The missing words are "amino acids". Genes contain the instructions for building proteins through DNA sequences that are transcribed into mRNA and then translated by ribosomes. Each gene codes for a particular combination of amino acids which makes a specific protein, as sequences of three nucleotides (codons) specify individual amino acids linked into polypeptide chains.

How Translation Works

  • DNA to mRNA : A gene's nucleotide sequence is copied into messenger RNA (mRNA) during transcription.
  • Codons in Action : Ribosomes read mRNA in groups of three nucleotides called codons; each codon matches a transfer RNA (tRNA) carrying a specific amino acid.
  • Chain Building : tRNAs add amino acids one by one, forming a polypeptide that folds into a functional protein. Stop codons end the process.

This central dogma of molecular biology—DNA → RNA → protein—ensures precise protein synthesis vital for life.

Why Amino Acids Matter

Proteins' diverse functions (enzymes, structures, signals) arise from 20 standard amino acids' unique properties like polarity or charge. Imagine a gene as a recipe: codons are steps, amino acids are ingredients, yielding everything from hemoglobin to antibodies.
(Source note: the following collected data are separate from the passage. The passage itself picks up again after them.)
(* Let $d\geq 2$ be even and $E,F\subset\mathbb F_q^d$. Then $$|\nu(0)|\leq q^{-1}|E||F|+2q^{d/2}|E|^{1/2}|F|^{1/2}.$$
   Context: $\mathbb F_q$ is a finite field with $q$ elements, of characteristic greater than two. For $m\in\mathbb F_q^d$, $\|m\|=m_1^2+\dots+m_d^2$, and $\nu(0)=|\{(x,y)\in E\times F:\|x-y\|=0\}|$. *)

theory Defs
  imports "HOL-Analysis.Analysis"
begin

text \<open>The "norm" of the paper: sum of squares of coordinates, a value in the field.\<close>
definition sqnorm :: "'a::comm_ring_1 ^ 'n \<Rightarrow> 'a" where
  "sqnorm m = (\<Sum>i\<in>UNIV. (m $ i) ^ 2)"

definition nu0 :: "('a::comm_ring_1 ^ 'n) set \<Rightarrow> ('a ^ 'n) set \<Rightarrow> nat" where
  "nu0 E F = card {(x, y). x \<in> E \<and> y \<in> F \<and> sqnorm (x - y) = 0}"

end

theory Submission
  imports Defs "HOL-Computational_Algebra.Primes"
begin
lemma cdf_minus_G_le:
  assumes "0 < \<epsilon>" "0 \<le> B"
    and large: "\<And>\<omega> x. \<omega> \<in> space M \<Longrightarrow> X \<omega> - x < - B \<Longrightarrow> 1 - \<epsilon> < f x \<omega>"
  shows "measure M {\<omega> \<in> space M. X \<omega> \<le> x} - G x \<le> \<epsilon> + (B + 2) * concentration M X"
proof -
  define A where "A = {\<omega> \<in> space M. X \<omega> \<le> x}"
  define S where "S = {\<omega> \<in> space M. x - B - 1 < X \<omega> \<and> X \<omega> \<le> x}"
  have [measurable]: "A \<in> sets M" "S \<in> sets M"
    unfolding A_def S_def by measurable
  have "integrable M (indicator A :: 'a \<Rightarrow> real)"
    by (simp add: less_top [symmetric])
  have "indicator A \<omega> - f x \<omega> \<le> \<epsilon> + indicator S \<omega>" if "\<omega> \<in> space M" for \<omega>
    using that large[OF that, of x] \<open>0 < \<epsilon>\<close> f_nonneg[OF that, of x] f_le_1[OF that, of x]
    by (cases "\<omega> \<in> S") (auto simp: A_def S_def indicator_def not_less)
  then have "(\<integral>\<omega>. indicator A \<omega> - f x \<omega> \<partial>M) \<le> \<epsilon> + measure M S"
    using \<open>integrable M (indicator A)\<close>
    by (intro integral_le_const_plus_measure Bochner_Integration.integrable_diff integrable_f) auto
  also have "(\<integral>\<omega>. indicator A \<omega> - f x \<omega> \<partial>M) = measure M A - G x"
    using \<open>integrable M (indicator A)\<close>
    by (simp add: G_eq integrable_f Int_absorb2 sets.sets_into_space)
  also have "measure M S \<le> (B + 2) * concentration M X"
    using measure_Ioc_le_concentration_length[of X "x - B - 1" x] \<open>0 \<le> B\<close>
    by (simp add: S_def algebra_simps)
  finally show ?thesis by (simp add: A_def)
qed

lemma G_tendsto_at_bot:
  assumes small: "\<And>\<epsilon>. 0 < \<epsilon> \<Longrightarrow> \<exists>B. \<forall>\<omega>\<in>space M. \<forall>x. B < X \<omega> - x \<longrightarrow> f x \<omega> < \<epsilon>"
  shows "(G \<longlongrightarrow> 0) at_bot"
proof (rule order_tendstoI)
  fix a :: real assume "a < 0"
  then show "\<forall>\<^sub>F x in at_bot. a < G x"
    using G_nonneg by (simp add: less_le_trans)
next
  fix a :: real assume "0 < a"
  then obtain B where B: "\<forall>\<omega>\<in>space M. \<forall>x. B < X \<omega> - x \<longrightarrow> f x \<omega> < a / 2"
    using small half_gt_zero by blast
  have "\<forall>\<^sub>F y in at_bot. measure M {\<omega> \<in> space M. X \<omega> \<le> y} < a / 2"
    using \<open>0 < a\<close> by (intro order_tendstoD(2)[OF cdf_tendsto_at_bot[OF measurable_X]]) simp
  then obtain y\<^sub>0 where y\<^sub>0: "\<And>y. y \<le> y\<^sub>0 \<Longrightarrow> measure M {\<omega> \<in> space M. X \<omega> \<le> y} < a / 2"
    by (auto simp: eventually_at_bot_linorder)
  show "\<forall>\<^sub>F x in at_bot. G x < a"
    unfolding eventually_at_bot_linorder
  proof (intro exI allI impI)
    fix x assume "x \<le> y\<^sub>0 - B"
    define A where "A = {\<omega> \<in> space M. X \<omega> \<le> x + B}"
    have [measurable]: "A \<in> sets M"
      unfolding A_def by measurable
    have "f x \<omega> \<le> a / 2 + indicator A \<omega>" if "\<omega> \<in> space M" for \<omega>
      using that B f_le_1[OF that, of x] \<open>0 < a\<close>
      by (cases "\<omega> \<in> A") (auto simp: A_def not_le less_imp_le)
    then have "G x \<le> a / 2 + measure M A"
      unfolding G_eq by (intro integral_le_const_plus_measure integrable_f) auto
    also have "measure M A < a / 2"
      using y\<^sub>0 \<open>x \<le> y\<^sub>0 - B\<close> by (simp add: A_def)
    finally show "G x < a" by simp
  qed
qed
"Each sequence of three nucleotides, called a codon, usually codes for one particular amino acid. (Amino acids are the building blocks of proteins.)"

Real-World Example

Hemoglobin, carrying oxygen in blood, is coded by the HBB gene's amino acid sequence; a single swap (valine for glutamic acid) causes sickle cell anemia.

TL;DR : Genes code for amino acids → specific proteins via codons.